■ WHAT IS NEEDED ■
This exercise asks for every line of the material that contains the word "noteq".

■ INPUT DATA ■

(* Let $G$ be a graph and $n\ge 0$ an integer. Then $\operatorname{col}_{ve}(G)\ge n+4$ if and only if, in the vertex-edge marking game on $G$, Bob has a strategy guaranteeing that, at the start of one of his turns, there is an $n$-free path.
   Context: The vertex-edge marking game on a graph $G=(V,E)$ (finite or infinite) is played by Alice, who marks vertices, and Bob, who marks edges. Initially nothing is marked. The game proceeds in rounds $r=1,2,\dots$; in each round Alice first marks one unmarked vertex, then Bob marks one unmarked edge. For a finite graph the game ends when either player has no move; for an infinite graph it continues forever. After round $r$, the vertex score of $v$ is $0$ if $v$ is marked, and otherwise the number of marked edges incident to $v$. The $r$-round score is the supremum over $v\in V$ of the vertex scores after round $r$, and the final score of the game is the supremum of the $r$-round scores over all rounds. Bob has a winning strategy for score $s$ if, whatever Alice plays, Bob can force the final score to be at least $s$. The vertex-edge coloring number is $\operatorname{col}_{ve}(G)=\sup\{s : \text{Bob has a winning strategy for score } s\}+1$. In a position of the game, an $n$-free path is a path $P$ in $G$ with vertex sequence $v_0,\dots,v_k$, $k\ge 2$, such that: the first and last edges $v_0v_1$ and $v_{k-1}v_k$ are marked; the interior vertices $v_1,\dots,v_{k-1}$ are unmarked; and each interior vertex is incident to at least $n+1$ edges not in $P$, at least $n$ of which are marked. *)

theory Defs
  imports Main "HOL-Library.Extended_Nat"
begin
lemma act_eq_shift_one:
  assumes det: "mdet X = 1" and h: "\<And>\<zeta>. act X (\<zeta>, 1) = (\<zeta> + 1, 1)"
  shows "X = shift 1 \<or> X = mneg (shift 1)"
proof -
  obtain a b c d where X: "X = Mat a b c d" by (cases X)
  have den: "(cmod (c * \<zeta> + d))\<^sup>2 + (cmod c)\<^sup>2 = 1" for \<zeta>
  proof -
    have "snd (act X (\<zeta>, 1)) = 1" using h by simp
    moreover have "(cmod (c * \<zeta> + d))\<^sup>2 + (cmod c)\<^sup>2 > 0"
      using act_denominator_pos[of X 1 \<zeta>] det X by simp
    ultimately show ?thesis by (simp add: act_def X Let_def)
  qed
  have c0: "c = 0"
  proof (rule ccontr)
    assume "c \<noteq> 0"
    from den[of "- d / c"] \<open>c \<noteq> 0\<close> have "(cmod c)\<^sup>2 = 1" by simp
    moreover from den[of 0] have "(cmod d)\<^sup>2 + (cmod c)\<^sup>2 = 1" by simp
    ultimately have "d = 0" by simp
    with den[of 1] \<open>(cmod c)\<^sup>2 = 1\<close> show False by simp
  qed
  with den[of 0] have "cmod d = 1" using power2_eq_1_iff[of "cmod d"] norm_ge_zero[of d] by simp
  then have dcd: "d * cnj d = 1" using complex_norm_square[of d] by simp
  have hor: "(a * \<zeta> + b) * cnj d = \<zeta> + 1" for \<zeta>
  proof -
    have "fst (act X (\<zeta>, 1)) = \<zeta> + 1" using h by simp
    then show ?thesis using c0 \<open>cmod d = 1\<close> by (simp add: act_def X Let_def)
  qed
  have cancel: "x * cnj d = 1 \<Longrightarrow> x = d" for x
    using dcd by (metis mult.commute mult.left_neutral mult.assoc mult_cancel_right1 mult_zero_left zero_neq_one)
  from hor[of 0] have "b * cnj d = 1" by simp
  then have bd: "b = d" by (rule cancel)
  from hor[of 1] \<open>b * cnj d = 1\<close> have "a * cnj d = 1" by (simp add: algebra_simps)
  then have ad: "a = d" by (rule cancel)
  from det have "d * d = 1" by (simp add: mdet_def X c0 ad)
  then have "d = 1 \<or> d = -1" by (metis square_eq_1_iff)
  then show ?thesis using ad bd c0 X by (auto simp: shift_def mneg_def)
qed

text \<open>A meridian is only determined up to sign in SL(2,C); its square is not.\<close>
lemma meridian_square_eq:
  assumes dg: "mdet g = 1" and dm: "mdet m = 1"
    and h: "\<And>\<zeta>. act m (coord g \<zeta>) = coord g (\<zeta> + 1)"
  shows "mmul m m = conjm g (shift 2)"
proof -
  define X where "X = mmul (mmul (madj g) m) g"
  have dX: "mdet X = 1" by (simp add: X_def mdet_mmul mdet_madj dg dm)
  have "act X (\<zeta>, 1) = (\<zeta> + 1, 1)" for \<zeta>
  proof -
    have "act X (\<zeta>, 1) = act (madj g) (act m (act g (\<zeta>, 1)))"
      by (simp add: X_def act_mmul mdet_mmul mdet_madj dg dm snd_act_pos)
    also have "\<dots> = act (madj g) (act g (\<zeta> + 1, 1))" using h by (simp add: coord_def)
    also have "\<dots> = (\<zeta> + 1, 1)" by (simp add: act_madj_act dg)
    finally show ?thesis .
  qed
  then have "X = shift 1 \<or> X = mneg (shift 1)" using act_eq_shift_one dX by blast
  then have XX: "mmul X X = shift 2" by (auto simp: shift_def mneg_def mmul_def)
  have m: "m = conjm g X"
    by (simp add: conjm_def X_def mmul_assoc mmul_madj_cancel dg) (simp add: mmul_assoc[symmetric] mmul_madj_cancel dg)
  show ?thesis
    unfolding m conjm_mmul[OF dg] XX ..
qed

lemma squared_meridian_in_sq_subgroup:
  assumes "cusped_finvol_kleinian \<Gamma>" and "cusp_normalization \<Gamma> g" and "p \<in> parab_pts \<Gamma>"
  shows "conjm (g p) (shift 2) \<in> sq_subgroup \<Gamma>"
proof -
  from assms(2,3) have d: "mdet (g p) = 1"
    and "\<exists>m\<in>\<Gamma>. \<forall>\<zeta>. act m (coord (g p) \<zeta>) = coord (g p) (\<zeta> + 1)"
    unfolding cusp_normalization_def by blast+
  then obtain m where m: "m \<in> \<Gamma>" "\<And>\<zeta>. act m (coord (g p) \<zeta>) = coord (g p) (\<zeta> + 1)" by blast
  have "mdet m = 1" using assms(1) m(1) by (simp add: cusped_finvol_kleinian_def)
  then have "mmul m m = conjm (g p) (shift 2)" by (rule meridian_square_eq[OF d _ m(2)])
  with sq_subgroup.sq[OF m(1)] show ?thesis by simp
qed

■ ANSWER TO THIS PROBLEM ■
    assume "c \<noteq> 0"
    from den[of "- d / c"] \<open>c \<noteq> 0\<close> have "(cmod c)\<^sup>2 = 1" by simp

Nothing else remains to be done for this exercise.